Reproduce each line from the records that holds "completeness".

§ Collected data
▼
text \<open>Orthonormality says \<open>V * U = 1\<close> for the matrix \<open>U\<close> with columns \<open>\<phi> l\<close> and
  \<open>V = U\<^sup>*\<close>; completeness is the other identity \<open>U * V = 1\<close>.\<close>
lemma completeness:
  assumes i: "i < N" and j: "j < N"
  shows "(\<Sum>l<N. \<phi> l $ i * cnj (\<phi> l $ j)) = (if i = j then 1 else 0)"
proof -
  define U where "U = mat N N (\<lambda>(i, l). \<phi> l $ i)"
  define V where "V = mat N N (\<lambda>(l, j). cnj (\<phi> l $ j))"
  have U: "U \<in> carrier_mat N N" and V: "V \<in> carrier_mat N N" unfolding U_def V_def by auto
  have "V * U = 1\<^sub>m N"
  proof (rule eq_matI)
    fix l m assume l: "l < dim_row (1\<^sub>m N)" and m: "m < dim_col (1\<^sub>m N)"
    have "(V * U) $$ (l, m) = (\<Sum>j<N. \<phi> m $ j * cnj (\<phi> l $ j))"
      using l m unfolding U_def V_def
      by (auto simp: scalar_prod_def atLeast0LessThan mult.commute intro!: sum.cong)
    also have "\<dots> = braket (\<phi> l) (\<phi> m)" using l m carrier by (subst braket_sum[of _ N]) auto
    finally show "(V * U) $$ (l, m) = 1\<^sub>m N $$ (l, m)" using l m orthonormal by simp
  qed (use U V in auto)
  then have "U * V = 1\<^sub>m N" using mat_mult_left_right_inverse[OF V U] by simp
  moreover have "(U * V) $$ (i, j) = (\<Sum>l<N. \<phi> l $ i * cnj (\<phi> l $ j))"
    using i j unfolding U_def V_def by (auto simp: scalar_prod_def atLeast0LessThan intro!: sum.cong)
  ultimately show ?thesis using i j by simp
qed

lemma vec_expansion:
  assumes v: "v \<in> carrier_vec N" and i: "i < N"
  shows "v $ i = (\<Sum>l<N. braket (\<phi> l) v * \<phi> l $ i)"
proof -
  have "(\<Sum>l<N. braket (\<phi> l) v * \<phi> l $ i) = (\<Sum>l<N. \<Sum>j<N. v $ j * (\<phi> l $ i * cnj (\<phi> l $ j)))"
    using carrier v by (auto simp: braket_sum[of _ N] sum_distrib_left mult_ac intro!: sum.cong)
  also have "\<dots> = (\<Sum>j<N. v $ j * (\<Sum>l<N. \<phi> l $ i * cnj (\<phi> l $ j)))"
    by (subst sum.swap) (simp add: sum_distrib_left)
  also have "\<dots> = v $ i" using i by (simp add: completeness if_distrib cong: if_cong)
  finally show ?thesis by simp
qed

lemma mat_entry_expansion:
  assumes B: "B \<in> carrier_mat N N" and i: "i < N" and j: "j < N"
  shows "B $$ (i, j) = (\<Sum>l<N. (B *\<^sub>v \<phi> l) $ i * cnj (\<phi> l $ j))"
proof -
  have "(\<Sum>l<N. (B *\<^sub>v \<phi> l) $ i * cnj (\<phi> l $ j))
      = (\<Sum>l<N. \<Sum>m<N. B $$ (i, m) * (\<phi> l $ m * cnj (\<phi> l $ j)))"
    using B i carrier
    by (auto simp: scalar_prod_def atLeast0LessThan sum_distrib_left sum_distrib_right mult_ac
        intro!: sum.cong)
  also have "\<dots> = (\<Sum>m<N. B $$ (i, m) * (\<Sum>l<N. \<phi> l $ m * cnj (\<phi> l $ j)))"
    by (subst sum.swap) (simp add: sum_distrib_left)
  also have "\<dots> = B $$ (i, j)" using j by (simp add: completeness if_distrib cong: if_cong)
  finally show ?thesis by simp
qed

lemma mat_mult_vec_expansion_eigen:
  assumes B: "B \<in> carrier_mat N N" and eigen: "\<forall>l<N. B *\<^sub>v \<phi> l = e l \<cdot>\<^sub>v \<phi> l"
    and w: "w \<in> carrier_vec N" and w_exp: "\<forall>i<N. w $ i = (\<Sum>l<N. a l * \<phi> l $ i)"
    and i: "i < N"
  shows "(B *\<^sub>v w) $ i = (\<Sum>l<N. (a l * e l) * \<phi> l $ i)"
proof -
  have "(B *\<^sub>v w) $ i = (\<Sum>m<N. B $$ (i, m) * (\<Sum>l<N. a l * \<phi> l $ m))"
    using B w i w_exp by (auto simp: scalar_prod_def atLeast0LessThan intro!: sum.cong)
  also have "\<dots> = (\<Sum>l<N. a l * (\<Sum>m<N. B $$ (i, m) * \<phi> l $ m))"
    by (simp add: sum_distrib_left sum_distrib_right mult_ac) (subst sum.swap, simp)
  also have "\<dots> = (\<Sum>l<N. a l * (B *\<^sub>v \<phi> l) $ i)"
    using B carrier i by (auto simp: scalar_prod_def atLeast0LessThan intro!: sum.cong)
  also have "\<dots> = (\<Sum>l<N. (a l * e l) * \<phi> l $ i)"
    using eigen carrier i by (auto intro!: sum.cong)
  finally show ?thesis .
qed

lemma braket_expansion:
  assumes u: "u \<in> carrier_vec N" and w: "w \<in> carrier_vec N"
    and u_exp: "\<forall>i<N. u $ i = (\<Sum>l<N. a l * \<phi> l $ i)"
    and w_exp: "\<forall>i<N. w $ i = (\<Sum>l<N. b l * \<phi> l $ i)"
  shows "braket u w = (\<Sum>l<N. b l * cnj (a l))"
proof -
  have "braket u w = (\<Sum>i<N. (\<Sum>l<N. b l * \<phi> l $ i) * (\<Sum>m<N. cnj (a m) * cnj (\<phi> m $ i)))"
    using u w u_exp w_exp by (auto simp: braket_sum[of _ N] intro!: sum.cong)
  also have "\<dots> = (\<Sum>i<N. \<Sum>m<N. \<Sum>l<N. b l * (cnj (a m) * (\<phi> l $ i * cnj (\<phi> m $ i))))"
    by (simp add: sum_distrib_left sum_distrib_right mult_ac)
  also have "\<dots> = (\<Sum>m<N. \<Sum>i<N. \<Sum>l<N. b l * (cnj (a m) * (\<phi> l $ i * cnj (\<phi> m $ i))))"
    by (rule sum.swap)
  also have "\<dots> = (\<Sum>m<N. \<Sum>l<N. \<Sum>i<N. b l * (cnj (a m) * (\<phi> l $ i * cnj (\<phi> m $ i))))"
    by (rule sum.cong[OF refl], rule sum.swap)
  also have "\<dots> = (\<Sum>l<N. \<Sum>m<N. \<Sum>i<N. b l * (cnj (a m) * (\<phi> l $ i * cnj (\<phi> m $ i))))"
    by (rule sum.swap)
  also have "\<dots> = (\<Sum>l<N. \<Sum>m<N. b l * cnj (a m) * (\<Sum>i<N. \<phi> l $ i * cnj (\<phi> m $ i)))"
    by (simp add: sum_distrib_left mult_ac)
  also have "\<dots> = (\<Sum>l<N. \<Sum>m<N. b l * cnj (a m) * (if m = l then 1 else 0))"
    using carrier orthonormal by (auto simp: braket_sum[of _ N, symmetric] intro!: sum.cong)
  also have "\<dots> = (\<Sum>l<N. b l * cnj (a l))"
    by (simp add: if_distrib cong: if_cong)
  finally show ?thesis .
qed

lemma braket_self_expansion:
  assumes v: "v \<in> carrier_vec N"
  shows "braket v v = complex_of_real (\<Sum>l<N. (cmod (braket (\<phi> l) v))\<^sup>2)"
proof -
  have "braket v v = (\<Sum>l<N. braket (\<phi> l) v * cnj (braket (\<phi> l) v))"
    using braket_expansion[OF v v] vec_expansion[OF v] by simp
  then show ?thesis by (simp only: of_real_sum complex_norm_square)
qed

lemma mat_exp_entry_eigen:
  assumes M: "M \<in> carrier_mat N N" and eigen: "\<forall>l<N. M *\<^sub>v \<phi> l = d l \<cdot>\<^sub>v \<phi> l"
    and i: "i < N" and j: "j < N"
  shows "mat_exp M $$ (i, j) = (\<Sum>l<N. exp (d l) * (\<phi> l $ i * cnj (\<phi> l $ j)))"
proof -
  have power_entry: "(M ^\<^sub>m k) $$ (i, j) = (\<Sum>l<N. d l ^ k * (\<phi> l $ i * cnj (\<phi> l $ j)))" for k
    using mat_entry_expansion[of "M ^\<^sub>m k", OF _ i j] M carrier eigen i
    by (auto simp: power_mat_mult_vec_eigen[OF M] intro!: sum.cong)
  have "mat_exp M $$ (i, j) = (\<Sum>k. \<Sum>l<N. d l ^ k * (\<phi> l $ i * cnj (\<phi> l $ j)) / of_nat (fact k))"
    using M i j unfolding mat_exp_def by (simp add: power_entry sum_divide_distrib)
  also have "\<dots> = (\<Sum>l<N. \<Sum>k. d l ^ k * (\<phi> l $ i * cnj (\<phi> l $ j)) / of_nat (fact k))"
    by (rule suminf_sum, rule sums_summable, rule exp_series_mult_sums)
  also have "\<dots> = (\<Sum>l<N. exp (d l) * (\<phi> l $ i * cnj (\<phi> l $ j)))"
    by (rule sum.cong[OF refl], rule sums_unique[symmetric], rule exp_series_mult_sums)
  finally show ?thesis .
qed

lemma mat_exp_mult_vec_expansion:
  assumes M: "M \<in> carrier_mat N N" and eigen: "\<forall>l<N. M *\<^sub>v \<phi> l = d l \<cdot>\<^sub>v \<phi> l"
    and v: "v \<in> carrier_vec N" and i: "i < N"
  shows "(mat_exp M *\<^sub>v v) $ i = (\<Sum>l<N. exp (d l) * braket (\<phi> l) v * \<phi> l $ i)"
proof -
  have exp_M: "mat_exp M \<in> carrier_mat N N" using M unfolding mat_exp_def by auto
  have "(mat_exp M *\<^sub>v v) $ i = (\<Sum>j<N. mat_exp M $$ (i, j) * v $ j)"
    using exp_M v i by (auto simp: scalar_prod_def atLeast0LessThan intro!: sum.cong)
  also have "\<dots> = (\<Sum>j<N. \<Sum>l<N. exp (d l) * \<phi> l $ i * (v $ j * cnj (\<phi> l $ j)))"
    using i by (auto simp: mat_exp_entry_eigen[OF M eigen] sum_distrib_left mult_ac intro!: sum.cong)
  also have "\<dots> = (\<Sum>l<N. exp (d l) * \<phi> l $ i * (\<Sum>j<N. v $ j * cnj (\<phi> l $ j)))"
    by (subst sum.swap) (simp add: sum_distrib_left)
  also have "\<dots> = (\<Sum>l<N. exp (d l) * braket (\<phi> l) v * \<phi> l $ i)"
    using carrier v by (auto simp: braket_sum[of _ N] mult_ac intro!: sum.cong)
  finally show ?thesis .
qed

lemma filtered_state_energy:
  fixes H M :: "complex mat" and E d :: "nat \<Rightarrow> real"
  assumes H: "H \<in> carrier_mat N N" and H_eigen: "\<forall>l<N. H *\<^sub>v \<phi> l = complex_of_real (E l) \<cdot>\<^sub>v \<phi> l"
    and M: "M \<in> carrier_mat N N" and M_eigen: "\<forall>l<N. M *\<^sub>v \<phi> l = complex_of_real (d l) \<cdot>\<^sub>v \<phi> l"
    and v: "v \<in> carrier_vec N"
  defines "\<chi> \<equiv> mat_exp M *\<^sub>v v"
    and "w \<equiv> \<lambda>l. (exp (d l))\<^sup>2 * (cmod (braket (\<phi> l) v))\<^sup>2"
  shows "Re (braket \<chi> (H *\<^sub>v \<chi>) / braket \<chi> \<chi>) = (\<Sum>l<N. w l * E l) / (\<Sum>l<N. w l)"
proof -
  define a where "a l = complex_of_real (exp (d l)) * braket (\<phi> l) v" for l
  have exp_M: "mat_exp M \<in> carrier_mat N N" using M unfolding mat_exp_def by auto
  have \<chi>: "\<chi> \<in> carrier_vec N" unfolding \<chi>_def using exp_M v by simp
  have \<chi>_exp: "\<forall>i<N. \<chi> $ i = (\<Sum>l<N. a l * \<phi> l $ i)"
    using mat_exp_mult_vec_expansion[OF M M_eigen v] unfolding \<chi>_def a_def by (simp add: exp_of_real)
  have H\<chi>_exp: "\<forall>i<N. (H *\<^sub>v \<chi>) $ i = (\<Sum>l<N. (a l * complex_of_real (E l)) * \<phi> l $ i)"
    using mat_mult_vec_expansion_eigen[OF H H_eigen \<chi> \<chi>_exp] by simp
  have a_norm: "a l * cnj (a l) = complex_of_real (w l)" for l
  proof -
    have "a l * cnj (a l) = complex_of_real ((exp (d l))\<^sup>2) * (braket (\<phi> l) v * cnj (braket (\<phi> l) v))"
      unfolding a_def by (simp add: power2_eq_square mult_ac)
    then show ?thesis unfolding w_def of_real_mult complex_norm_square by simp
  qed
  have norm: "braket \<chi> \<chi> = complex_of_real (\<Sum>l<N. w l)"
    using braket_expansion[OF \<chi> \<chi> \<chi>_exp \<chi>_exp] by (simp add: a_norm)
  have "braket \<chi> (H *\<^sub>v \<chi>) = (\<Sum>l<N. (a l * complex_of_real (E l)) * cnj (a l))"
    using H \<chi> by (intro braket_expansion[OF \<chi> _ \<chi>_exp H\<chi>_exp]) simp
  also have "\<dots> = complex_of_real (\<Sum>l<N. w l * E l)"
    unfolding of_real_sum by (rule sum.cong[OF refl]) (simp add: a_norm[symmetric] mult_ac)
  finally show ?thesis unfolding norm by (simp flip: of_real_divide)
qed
▲
▼
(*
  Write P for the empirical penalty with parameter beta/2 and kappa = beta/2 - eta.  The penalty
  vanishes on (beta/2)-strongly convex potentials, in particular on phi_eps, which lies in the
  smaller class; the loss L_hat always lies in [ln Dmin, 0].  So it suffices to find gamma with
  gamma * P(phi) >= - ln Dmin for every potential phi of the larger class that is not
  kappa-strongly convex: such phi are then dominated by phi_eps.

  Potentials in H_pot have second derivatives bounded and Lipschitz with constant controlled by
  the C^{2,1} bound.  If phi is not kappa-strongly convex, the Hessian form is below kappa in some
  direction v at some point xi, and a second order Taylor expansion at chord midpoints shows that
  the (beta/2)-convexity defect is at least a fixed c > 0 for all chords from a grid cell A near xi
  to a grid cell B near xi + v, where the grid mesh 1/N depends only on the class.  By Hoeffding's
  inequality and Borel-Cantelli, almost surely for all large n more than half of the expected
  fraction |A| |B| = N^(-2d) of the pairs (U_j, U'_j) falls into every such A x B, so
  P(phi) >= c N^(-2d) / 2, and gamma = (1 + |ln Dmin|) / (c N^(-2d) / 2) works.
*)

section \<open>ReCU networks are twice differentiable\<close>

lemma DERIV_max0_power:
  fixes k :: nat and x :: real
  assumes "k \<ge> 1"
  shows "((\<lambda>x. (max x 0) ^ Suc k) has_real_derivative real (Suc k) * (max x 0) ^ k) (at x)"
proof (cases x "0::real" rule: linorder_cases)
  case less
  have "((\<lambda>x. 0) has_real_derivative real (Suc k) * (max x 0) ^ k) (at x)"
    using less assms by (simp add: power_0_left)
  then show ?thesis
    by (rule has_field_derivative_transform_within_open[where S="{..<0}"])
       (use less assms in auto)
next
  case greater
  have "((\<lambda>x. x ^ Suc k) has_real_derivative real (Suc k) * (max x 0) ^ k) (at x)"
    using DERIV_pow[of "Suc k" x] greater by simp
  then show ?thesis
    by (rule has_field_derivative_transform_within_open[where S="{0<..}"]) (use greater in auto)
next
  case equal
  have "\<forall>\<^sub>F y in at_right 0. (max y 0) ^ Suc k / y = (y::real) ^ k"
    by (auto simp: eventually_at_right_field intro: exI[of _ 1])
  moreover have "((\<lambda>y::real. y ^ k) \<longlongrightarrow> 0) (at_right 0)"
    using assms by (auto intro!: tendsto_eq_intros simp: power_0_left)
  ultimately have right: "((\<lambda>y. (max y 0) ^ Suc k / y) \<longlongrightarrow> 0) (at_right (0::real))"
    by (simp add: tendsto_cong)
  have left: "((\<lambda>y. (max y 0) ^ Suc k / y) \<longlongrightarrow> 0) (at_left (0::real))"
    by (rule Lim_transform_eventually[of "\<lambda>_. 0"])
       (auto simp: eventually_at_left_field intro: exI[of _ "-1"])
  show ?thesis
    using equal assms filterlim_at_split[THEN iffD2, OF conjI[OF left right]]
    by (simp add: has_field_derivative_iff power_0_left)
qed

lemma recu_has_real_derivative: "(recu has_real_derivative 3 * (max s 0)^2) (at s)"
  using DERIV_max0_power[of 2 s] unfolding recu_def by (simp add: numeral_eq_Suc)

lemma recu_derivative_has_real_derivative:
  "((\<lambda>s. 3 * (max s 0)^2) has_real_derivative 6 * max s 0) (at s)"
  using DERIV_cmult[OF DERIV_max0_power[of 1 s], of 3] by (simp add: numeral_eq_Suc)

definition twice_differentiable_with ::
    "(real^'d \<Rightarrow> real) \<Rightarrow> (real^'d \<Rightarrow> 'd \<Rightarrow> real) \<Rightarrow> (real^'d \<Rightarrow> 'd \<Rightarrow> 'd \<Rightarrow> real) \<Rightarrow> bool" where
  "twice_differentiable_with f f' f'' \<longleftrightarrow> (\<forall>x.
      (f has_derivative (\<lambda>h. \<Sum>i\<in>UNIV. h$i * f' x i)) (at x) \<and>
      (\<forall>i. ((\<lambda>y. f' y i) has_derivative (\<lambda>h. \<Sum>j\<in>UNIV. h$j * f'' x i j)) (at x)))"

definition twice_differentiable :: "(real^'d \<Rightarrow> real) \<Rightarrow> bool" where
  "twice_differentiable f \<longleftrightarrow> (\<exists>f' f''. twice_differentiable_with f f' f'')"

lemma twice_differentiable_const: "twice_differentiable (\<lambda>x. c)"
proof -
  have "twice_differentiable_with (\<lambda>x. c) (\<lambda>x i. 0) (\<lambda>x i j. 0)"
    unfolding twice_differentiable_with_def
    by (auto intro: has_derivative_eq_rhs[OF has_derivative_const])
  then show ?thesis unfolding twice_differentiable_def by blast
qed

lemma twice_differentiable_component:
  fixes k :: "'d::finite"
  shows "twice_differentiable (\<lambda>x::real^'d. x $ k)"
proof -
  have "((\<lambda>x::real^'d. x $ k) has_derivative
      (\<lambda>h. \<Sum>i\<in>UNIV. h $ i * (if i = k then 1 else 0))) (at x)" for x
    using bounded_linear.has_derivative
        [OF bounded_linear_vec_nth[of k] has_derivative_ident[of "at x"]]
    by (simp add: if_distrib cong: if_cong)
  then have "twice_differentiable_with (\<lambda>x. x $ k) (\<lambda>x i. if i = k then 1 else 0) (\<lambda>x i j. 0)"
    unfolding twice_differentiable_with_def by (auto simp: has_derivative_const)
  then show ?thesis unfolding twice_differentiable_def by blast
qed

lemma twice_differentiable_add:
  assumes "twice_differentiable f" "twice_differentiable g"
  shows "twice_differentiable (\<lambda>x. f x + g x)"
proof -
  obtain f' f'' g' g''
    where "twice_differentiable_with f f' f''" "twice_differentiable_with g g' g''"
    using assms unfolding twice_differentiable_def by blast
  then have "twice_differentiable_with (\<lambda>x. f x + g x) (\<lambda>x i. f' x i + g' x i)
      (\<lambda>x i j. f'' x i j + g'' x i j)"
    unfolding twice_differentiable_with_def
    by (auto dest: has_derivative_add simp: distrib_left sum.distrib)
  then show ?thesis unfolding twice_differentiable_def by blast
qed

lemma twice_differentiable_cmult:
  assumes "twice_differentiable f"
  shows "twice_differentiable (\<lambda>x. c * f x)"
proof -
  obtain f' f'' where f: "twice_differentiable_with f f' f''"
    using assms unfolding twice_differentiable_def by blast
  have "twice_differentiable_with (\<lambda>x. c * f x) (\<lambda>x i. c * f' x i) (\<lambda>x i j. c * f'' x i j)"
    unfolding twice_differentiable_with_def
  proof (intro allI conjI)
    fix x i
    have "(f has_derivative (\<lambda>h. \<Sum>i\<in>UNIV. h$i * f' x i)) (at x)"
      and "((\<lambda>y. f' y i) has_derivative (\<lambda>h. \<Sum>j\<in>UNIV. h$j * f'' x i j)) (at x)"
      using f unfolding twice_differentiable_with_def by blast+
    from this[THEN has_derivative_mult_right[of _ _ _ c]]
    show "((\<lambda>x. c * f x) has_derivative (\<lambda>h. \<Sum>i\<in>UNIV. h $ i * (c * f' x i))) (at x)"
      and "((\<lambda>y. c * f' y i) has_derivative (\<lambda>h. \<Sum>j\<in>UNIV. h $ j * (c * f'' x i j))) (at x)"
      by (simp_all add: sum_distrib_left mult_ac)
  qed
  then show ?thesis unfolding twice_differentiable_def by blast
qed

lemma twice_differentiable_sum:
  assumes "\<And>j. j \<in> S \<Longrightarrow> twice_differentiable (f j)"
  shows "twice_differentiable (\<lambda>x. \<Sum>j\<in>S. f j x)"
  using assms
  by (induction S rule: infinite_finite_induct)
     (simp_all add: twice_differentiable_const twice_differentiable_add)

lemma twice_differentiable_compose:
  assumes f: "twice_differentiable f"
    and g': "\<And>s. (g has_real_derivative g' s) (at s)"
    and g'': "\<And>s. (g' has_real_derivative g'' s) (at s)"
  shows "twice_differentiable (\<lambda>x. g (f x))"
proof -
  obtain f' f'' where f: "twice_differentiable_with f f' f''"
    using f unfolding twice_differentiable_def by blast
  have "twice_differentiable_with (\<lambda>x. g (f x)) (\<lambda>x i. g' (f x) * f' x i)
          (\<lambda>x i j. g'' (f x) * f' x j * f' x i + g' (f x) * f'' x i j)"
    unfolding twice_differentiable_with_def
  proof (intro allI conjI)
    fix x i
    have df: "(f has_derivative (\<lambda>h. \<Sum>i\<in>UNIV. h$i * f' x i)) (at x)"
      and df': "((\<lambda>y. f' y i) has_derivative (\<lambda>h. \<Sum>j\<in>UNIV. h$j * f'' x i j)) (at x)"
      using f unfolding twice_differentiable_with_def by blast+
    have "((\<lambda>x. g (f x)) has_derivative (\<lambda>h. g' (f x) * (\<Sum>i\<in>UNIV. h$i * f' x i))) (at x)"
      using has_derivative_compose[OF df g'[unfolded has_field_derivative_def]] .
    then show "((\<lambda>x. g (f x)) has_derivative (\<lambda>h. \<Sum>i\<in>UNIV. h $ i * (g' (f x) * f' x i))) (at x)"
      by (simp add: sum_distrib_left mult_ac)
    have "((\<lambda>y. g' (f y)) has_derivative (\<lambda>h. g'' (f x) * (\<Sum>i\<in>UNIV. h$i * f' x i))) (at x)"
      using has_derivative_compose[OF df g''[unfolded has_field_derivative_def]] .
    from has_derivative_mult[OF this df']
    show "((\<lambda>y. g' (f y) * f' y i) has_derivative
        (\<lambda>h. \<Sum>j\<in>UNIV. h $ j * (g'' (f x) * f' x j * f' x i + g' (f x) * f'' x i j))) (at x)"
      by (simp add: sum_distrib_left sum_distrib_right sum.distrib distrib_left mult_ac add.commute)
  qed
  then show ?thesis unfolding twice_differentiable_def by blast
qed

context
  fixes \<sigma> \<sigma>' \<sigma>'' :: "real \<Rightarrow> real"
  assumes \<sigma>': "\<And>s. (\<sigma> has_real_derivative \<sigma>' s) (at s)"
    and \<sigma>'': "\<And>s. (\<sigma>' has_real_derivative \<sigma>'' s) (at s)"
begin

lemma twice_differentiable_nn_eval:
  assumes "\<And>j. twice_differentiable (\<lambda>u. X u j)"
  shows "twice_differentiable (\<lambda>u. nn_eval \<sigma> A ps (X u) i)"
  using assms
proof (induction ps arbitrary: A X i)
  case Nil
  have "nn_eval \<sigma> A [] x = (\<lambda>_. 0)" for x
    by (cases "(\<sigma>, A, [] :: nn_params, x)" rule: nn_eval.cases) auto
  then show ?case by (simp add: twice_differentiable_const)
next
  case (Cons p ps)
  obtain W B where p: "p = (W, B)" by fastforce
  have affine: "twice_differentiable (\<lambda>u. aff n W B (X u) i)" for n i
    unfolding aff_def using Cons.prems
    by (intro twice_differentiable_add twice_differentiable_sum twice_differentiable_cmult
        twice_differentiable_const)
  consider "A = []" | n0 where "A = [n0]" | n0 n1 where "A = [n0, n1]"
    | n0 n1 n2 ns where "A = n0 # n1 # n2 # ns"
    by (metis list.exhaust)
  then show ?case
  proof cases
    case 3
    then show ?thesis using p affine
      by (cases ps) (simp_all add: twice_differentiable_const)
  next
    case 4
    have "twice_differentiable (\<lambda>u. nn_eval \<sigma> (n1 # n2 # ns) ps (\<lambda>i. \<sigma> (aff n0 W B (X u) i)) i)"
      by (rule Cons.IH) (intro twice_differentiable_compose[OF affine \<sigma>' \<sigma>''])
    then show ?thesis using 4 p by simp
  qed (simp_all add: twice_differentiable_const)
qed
▲
§ Completed task
  \<open>V = U\<^sup>*\<close>; completeness is the other identity \<open>U * V = 1\<close>.\<close>
lemma completeness:
  also have "\<dots> = v $ i" using i by (simp add: completeness if_distrib cong: if_cong)
  also have "\<dots> = B $$ (i, j)" using j by (simp add: completeness if_distrib cong: if_cong)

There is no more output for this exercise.